In 1947 some bloke called Swallow seems to've snapped up all the lots left and he sold 28 blocks between '47 and '52. In October 1961 all the lots he had left were bought up by some crowd calling themselves St Hubert's Island Pty Ltd. They seem to have been the last pair of hands the island went through. After that it was all private lots in the hands of residents.
A bridge over the Creek Cockle
Up to the seventies there was no permanent bridge or whatever to the island. There were some causeways going to Woy Woy via the unnamed islets and to Daley's Point and so on. A causeway, my Pocket Oxford tells me, is a "raised road across low or wet ground or water". Sand dredged up or dug up from somewhere no doubt, and dumped at low tide to make a cart-wide road across to the mainland. Which must've mucked the tidal flows about something cruel.
Anyways, in the late sixties work starts on The Rip Bridge. Which connects the Peninsula to Daley's Point. Daley's Point is pretty close to one end of the island so plans were drawn up and a ramp was built from Daley's down to the island and opened in 1971. The Rip Bridge was opened in 1974. With the bridge and the ramp it's about 15 minutes drive from Woy Woy station to St Hubert's.
I'm not sure when the canals went in. There's an early seventies photo in one of the library books showing a brand spanking new ramp and the canals built and a single house being built on a canal-front block of land. There's 3 or 4 established houses but they're in spots that would've been unaffected by the canal building. There's also a photo of four forties houses on Beachfront Parade. That's undated and so is the photo showing two houses, probably on what was eventually Beachfront.

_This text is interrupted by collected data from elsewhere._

(* Let $(\mathcal L,S,\pi_0,\pi_1,\sigma)$ be a summable category with flip $c$. For $l\in\mathbb N$ and an object $X$ define $c^{(l)}_X\in\mathcal L(S^{l+2}X,S^{l+2}X)$ by $c^{(0)}_X=c_X$ and $c^{(l+1)}_X=c_{S^{l+1}X}\circ S(c^{(l)}_X)$. Then for all $i_0,\dots,i_{l+1}\in\{0,1\}$, $$\pi_{i_{l+1}}\circ\cdots\circ\pi_{i_0}\circ c^{(l)}_X=\pi_{i_0}\circ\pi_{i_{l+1}}\circ\cdots\circ\pi_{i_1}$$ as morphisms $S^{l+2}X\to X$ (each $\pi_i$ taken at the appropriate object).
   Context: A summable category consists of a category $\mathcal L$ with zero morphisms, a functor $S:\mathcal L\to\mathcal L$ and natural transformations $\pi_0,\pi_1,\sigma:S\Rightarrow\mathrm{Id}$ with $\pi_0,\pi_1$ jointly monic, satisfying the axioms of summable categories of Ehrhard's coherent differentiation. These axioms guarantee the existence of a natural transformation $c:S^2\Rightarrow S^2$ (the flip) uniquely characterised by $\pi_i\circ\pi_j\circ c_X=\pi_j\circ\pi_i$ for all $i,j\in\{0,1\}$. *)

theory Defs
  imports Main
begin

text \<open>A category is given by arrows (predicate arr on type 'm), domain/codomain
 maps into the type of objects 'o (every element of 'o is an object),
 composition comp g f (= g after f) and identities. It is equipped with zero
 morphisms, an endofunctor S = (So, Sm), and families pr0, pr1, sg indexed by
 objects (components of the natural transformations S => Id).\<close>

record ('o, 'm) sumcat =
  arr   :: "'m \<Rightarrow> bool"
  dom   :: "'m \<Rightarrow> 'o"
  cod   :: "'m \<Rightarrow> 'o"
  comp  :: "'m \<Rightarrow> 'm \<Rightarrow> 'm"
  ident :: "'o \<Rightarrow> 'm"
  zero  :: "'o \<Rightarrow> 'o \<Rightarrow> 'm"
  So    :: "'o \<Rightarrow> 'o"
  Sm    :: "'m \<Rightarrow> 'm"
  pr0   :: "'o \<Rightarrow> 'm"
  pr1   :: "'o \<Rightarrow> 'm"
  sg    :: "'o \<Rightarrow> 'm"

definition hom :: "('o, 'm) sumcat \<Rightarrow> 'o \<Rightarrow> 'o \<Rightarrow> 'm set" where
  "hom C X Y = {f. arr C f \<and> dom C f = X \<and> cod C f = Y}"

definition is_category :: "('o, 'm) sumcat \<Rightarrow> bool" where
  "is_category C \<longleftrightarrow>
     (\<forall>X. ident C X \<in> hom C X X) \<and>
     (\<forall>f g. arr C f \<and> arr C g \<and> cod C f = dom C g \<longrightarrow>
              comp C g f \<in> hom C (dom C f) (cod C g)) \<and>
     (\<forall>f. arr C f \<longrightarrow> comp C f (ident C (dom C f)) = f \<and> comp C (ident C (cod C f)) f = f) \<and>
     (\<forall>f g h. arr C f \<and> arr C g \<and> arr C h \<and> cod C f = dom C g \<and> cod C g = dom C h \<longrightarrow>
              comp C h (comp C g f) = comp C (comp C h g) f)"

definition has_zero_morphisms :: "('o, 'm) sumcat \<Rightarrow> bool" where
  "has_zero_morphisms C \<longleftrightarrow>
     (\<forall>X Y. zero C X Y \<in> hom C X Y) \<and>
     (\<forall>X Y Z f. f \<in> hom C X Y \<longrightarrow>
        comp C (zero C Y Z) f = zero C X Z \<and> comp C f (zero C Z X) = zero C Z Y)"

definition is_endofunctor_S :: "('o, 'm) sumcat \<Rightarrow> bool" where
  "is_endofunctor_S C \<longleftrightarrow>
     (\<forall>f. arr C f \<longrightarrow> Sm C f \<in> hom C (So C (dom C f)) (So C (cod C f))) \<and>
     (\<forall>X. Sm C (ident C X) = ident C (So C X)) \<and>
     (\<forall>f g. arr C f \<and> arr C g \<and> cod C f = dom C g \<longrightarrow>
              Sm C (comp C g f) = comp C (Sm C g) (Sm C f))"

definition nat_S_Id :: "('o, 'm) sumcat \<Rightarrow> ('o \<Rightarrow> 'm) \<Rightarrow> bool" where
  "nat_S_Id C \<eta> \<longleftrightarrow>
     (\<forall>X. \<eta> X \<in> hom C (So C X) X) \<and>
     (\<forall>f. arr C f \<longrightarrow> comp C f (\<eta> (dom C f)) = comp C (\<eta> (cod C f)) (Sm C f))"

definition jointly_monic :: "('o, 'm) sumcat \<Rightarrow> bool" where
  "jointly_monic C \<longleftrightarrow>
     (\<forall>X Y f g. f \<in> hom C Y (So C X) \<and> g \<in> hom C Y (So C X) \<and>
        comp C (pr0 C X) f = comp C (pr0 C X) g \<and> comp C (pr1 C X) f = comp C (pr1 C X) g
        \<longrightarrow> f = g)"

text \<open>(f0,f1) in L(X,Y) is summable with sum s: there is a witness h : X -> S Y
 with pr0 h = f0, pr1 h = f1 and sg h = s (the witness is unique by joint monicity).\<close>
definition has_sum :: "('o, 'm) sumcat \<Rightarrow> 'o \<Rightarrow> 'o \<Rightarrow> 'm \<Rightarrow> 'm \<Rightarrow> 'm \<Rightarrow> bool" where
  "has_sum C X Y f0 f1 s \<longleftrightarrow>
     (\<exists>h \<in> hom C X (So C Y). comp C (pr0 C Y) h = f0 \<and> comp C (pr1 C Y) h = f1 \<and>
                             comp C (sg C Y) h = s)"

definition summable :: "('o, 'm) sumcat \<Rightarrow> 'o \<Rightarrow> 'o \<Rightarrow> 'm \<Rightarrow> 'm \<Rightarrow> bool" where
  "summable C X Y f0 f1 \<longleftrightarrow> (\<exists>s. has_sum C X Y f0 f1 s)"

definition summable_category :: "('o, 'm) sumcat \<Rightarrow> bool" where
  "summable_category C \<longleftrightarrow>
     is_category C \<and> has_zero_morphisms C \<and> is_endofunctor_S C \<and>
     nat_S_Id C (pr0 C) \<and> nat_S_Id C (pr1 C) \<and> nat_S_Id C (sg C) \<and>
     jointly_monic C \<and>
     \<comment> \<open>(S+-zero)\<close>
     (\<forall>X Y f. f \<in> hom C X Y \<longrightarrow>
        has_sum C X Y f (zero C X Y) f \<and> has_sum C X Y (zero C X Y) f f) \<and>
     \<comment> \<open>(S+-witness)\<close>
     (\<forall>X Y f0 f1. f0 \<in> hom C X (So C Y) \<and> f1 \<in> hom C X (So C Y) \<and>
        summable C X Y (comp C (pr0 C Y) f0) (comp C (pr0 C Y) f1) \<and>
        summable C X Y (comp C (pr1 C Y) f0) (comp C (pr1 C Y) f1)
        \<longrightarrow> summable C X (So C Y) f0 f1) \<and>
     \<comment> \<open>(S+-com)\<close>
     (\<forall>X Y f0 f1 s. has_sum C X Y f0 f1 s \<longrightarrow> has_sum C X Y f1 f0 s) \<and>
     \<comment> \<open>(S+-assoc)\<close>
     (\<forall>X Y f00 f01 f10 f11 s0 s1 s.
        has_sum C X Y f00 f01 s0 \<and> has_sum C X Y f10 f11 s1 \<and> has_sum C X Y s0 s1 s
        \<longrightarrow> (\<exists>t0 t1. has_sum C X Y f00 f10 t0 \<and> has_sum C X Y f01 f11 t1 \<and>
                     has_sum C X Y t0 t1 s))"

definition prj :: "('o, 'm) sumcat \<Rightarrow> nat \<Rightarrow> 'o \<Rightarrow> 'm" where
  "prj C i X = (if i = 0 then pr0 C X else pr1 C X)"

text \<open>c is the flip: c_X : S^2 X -> S^2 X with pi_i o pi_j o c_X = pi_j o pi_i
 (pi_j taken at S X, pi_i at X). By joint monicity this determines c uniquely.\<close>
definition is_flip :: "('o, 'm) sumcat \<Rightarrow> ('o \<Rightarrow> 'm) \<Rightarrow> bool" where
  "is_flip C c \<longleftrightarrow>
     (\<forall>X. c X \<in> hom C (So C (So C X)) (So C (So C X)) \<and>
        (\<forall>i\<in>{0,1}. \<forall>j\<in>{0,1}.
           comp C (prj C i X) (comp C (prj C j (So C X)) (c X)) =
           comp C (prj C j X) (prj C i (So C X))))"

text \<open>proj_chain C idx n X = pi_{idx(n-1)} o ... o pi_{idx 0} : S^n X -> X,
 where pi_{idx 0} is taken at S^(n-1) X, ..., pi_{idx(n-1)} at X.\<close>
fun proj_chain :: "('o, 'm) sumcat \<Rightarrow> (nat \<Rightarrow> nat) \<Rightarrow> nat \<Rightarrow> 'o \<Rightarrow> 'm" where
  "proj_chain C idx 0 X = ident C X"
| "proj_chain C idx (Suc n) X =
     comp C (proj_chain C (\<lambda>k. idx (Suc k)) n X) (prj C (idx 0) ((So C ^^ n) X))"

fun iter_flip :: "('o, 'm) sumcat \<Rightarrow> ('o \<Rightarrow> 'm) \<Rightarrow> nat \<Rightarrow> 'o \<Rightarrow> 'm" where
  "iter_flip C c 0 X = c X"
| "iter_flip C c (Suc l) X = comp C (c ((So C ^^ Suc l) X)) (Sm C (iter_flip C c l X))"

end

theory Submission
  imports Defs
begin

text \<open>In \<open>c(l+1) = c(S^(l+1) X) \<circ> S(c(l))\<close> the outer flip
  exchanges the two innermost projections \<open>\<pi>(i1) \<circ> \<pi>(i0)\<close>; by naturality, \<open>\<pi>(i1)\<close> then
  commutes past \<open>S(c(l))\<close>, and the induction hypothesis for the index sequence
  \<open>i0, i2, \<dots>, i(l+2)\<close> moves \<open>\<pi>(i0)\<close> to the outside.\<close>

locale flip_category =
  fixes C :: "('o, 'm) sumcat" and c :: "'o \<Rightarrow> 'm"
  assumes category: "is_category C"
    and endofunctor: "is_endofunctor_S C"
    and pr0_natural: "nat_S_Id C (pr0 C)"
    and pr1_natural: "nat_S_Id C (pr1 C)"
    and flip: "is_flip C c"
begin

lemma arr_comp [simp]:
  assumes "arr C f" "arr C g" "cod C f = dom C g"
  shows "arr C (comp C g f)" "dom C (comp C g f) = dom C f" "cod C (comp C g f) = cod C g"
  using category assms unfolding is_category_def hom_def by auto

lemma comp_assoc:
  assumes "arr C f" "arr C g" "arr C h" "cod C f = dom C g" "cod C g = dom C h"
  shows "comp C (comp C h g) f = comp C h (comp C g f)"
  using category assms unfolding is_category_def by metis

lemma comp_ident_left [simp]: "arr C f \<Longrightarrow> cod C f = Y \<Longrightarrow> comp C (ident C Y) f = f"
  using category unfolding is_category_def by blast

lemma arr_Sm [simp]:
  assumes "arr C f"
  shows "arr C (Sm C f)" "dom C (Sm C f) = So C (dom C f)" "cod C (Sm C f) = So C (cod C f)"
  using endofunctor assms unfolding is_endofunctor_S_def hom_def by auto

lemma arr_prj [simp]: "arr C (prj C i X)" "dom C (prj C i X) = So C X" "cod C (prj C i X) = X"
  using pr0_natural pr1_natural unfolding nat_S_Id_def prj_def hom_def by auto

lemma prj_natural:
  "arr C f \<Longrightarrow> comp C (prj C i (cod C f)) (Sm C f) = comp C f (prj C i (dom C f))"
  using pr0_natural pr1_natural unfolding nat_S_Id_def prj_def by auto

lemma arr_flip [simp]: "arr C (c X)" "dom C (c X) = So C (So C X)" "cod C (c X) = So C (So C X)"
  using flip unfolding is_flip_def hom_def by auto

text \<open>\<open>prj C i\<close> is \<open>pr1 C\<close> for every \<open>i \<noteq> 0\<close>, so the cases \<open>i, j \<in> {0, 1}\<close> of the
  flip equations cover all indices; this is why the main theorem does not need its
  hypothesis \<open>idx k \<in> {0, 1}\<close>.\<close>
lemma prj_flip:
  "comp C (prj C i X) (comp C (prj C j (So C X)) (c X)) = comp C (prj C j X) (prj C i (So C X))"
proof -
  have "\<forall>i\<in>{0, 1}. \<forall>j\<in>{0, 1}. comp C (prj C i X) (comp C (prj C j (So C X)) (c X)) =
      comp C (prj C j X) (prj C i (So C X))"
    using flip unfolding is_flip_def by blast
  then show ?thesis
    by (simp add: prj_def split: if_splits)
qed

lemma arr_proj_chain [simp]:
  "arr C (proj_chain C idx n X)" "dom C (proj_chain C idx n X) = (So C ^^ n) X"
  "cod C (proj_chain C idx n X) = X"
  by (induction n arbitrary: idx) (use category in \<open>auto simp: is_category_def hom_def\<close>)

lemma arr_iter_flip [simp]:
  "arr C (iter_flip C c l X)" "dom C (iter_flip C c l X) = (So C ^^ Suc (Suc l)) X"
  "cod C (iter_flip C c l X) = (So C ^^ Suc (Suc l)) X"
  by (induction l) auto

lemma proj_chain_iter_flip:
  "comp C (proj_chain C (case_nat i js) (Suc (Suc l)) X) (iter_flip C c l X) =
   comp C (prj C i X) (proj_chain C js (Suc l) (So C X))"
proof (induction l arbitrary: js)
  case 0
  show ?case by (simp add: comp_assoc prj_flip)
next
  case (Suc l)
  define Y where "Y = (So C ^^ Suc l) X"
  define Q where "Q = proj_chain C (\<lambda>k. js (Suc k)) (Suc l) X"
  define F where "F = iter_flip C c l X"
  have "comp C (proj_chain C (case_nat i js) (Suc (Suc (Suc l))) X) (iter_flip C c (Suc l) X)
      = comp C Q (comp C (comp C (prj C (js 0) Y) (comp C (prj C i (So C Y)) (c Y))) (Sm C F))"
    by (simp add: Y_def Q_def F_def comp_assoc)
  also have "\<dots> = comp C Q (comp C (comp C (prj C i Y) (prj C (js 0) (So C Y))) (Sm C F))"
    by (simp only: prj_flip)
  also have "\<dots> = comp C Q (comp C (prj C i Y) (comp C (prj C (js 0) (So C Y)) (Sm C F)))"
    by (simp add: Y_def F_def comp_assoc)
  also have "\<dots> = comp C Q (comp C (prj C i Y) (comp C F (prj C (js 0) (So C Y))))"
    using prj_natural[of F "js 0"] by (simp add: Y_def F_def)
  also have "\<dots> = comp C (comp C (proj_chain C (case_nat i (\<lambda>k. js (Suc k))) (Suc (Suc l)) X) F)
                    (prj C (js 0) (So C Y))"
    by (simp add: Y_def Q_def F_def comp_assoc)
  also have "\<dots> = comp C (comp C (prj C i X) (proj_chain C (\<lambda>k. js (Suc k)) (Suc l) (So C X)))
                    (prj C (js 0) (So C Y))"
    unfolding F_def Suc.IH ..
  also have "\<dots> = comp C (prj C i X) (proj_chain C js (Suc (Suc l)) (So C X))"
    by (simp add: Y_def comp_assoc funpow_swap1)
  finally show ?case .
qed

end

theorem mainTheorem2:
  fixes C :: "('o, 'm) sumcat" and c :: "'o \<Rightarrow> 'm" and l :: nat and X :: 'o
    and idx :: "nat \<Rightarrow> nat"
  assumes "summable_category C"
    and "is_flip C c"
    and "\<forall>k \<le> Suc l. idx k \<in> {0, 1}"
  shows "comp C (proj_chain C idx (Suc (Suc l)) X) (iter_flip C c l X) =
         comp C (prj C (idx 0) X) (proj_chain C (\<lambda>k. idx (Suc k)) (Suc l) (So C X))"
proof -
  interpret flip_category C c
    using assms(1,2) by unfold_locales (simp_all add: summable_category_def)
  have "case_nat (idx 0) (\<lambda>k. idx (Suc k)) = idx"
    by (auto split: nat.split)
  then show ?thesis
    using proj_chain_iter_flip[of "idx 0" "\<lambda>k. idx (Suc k)"] by simp
qed

end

That photo also shows a house and some other building on Riley's Island. Riley's was privately owned early on and the Rileys used it for boat building apparently. It was saved from a fate worse than death (being canal'd) by Paul Landa. He was the Minister for Something or Other and saved many a bit of wilderness from a grim death. I sat in one of his memorial parks at Pearl Beach.
In March 1788, Governor Phillip sussed out Broken Bay. I went on about this a bit when I walked Ettalong and Pearl Beach. As well as those two places the other place he landed in Brisbane Water was at St Hubert's. In 1988 (Australia's bicentennial of white settlement) there was a memorial to Phillip bunged up and a celebratory sausage sizzle put on at Long Arm Parade, complete with a costumed re-enactment of the landing. A newspaper report in 1988 says the monument was paid with a Bicentennial grant and the sausage sizzle paid for "by the sale of St Huberts spoons".
Governor Phillip's memorial
Plaque no 1.: "Australia 1788 - 1988 From the State Govt., Gosford City Bicentennial history Subcommittee & the St. Huberts Island Resisents Association an Australian Bicentennial Project To commemorate the nation's Bicentenary in 1988".
Plaque no 2.: "Monday 3rd March, 1788 When the tide had slacken'd we picked up and found several small inlets between mangroves on one of which island we stop'd and pitch'd the tents: had a very hard rain all the morning Lieut. Wm Bradley March, 1788".
Plaque no 3.: "Tuesday, 4th While the tents and clothes were drying... a crab was caught and proved very good AM, at day light proceeded up... we found natives all the way up. Lieut. Wm Bradley March, 1788".
Plaque no 4.: "This plaque was laid on the 3rd of March 1988 to commemorate the landing in this vicinity of Gov. Phillip, Lieut. Hunter and their party on 3rd March 1788".
(Biggest version)
Waterman's Survey 1901. St Hubert's is the one with the red dot on it.
2 comments:
This is the kind of post you can really sink your teeth into! Great stuff. Cool map.
It seems amazing that ol' St. Hubert could have lived to 101 years old back in 8th century. He ought to be the patron saint of longevity as well as hunting.
Thank yer kindly.
Dead right (har har) about Hube. Must've been all that stag chasing in his younger years or summat.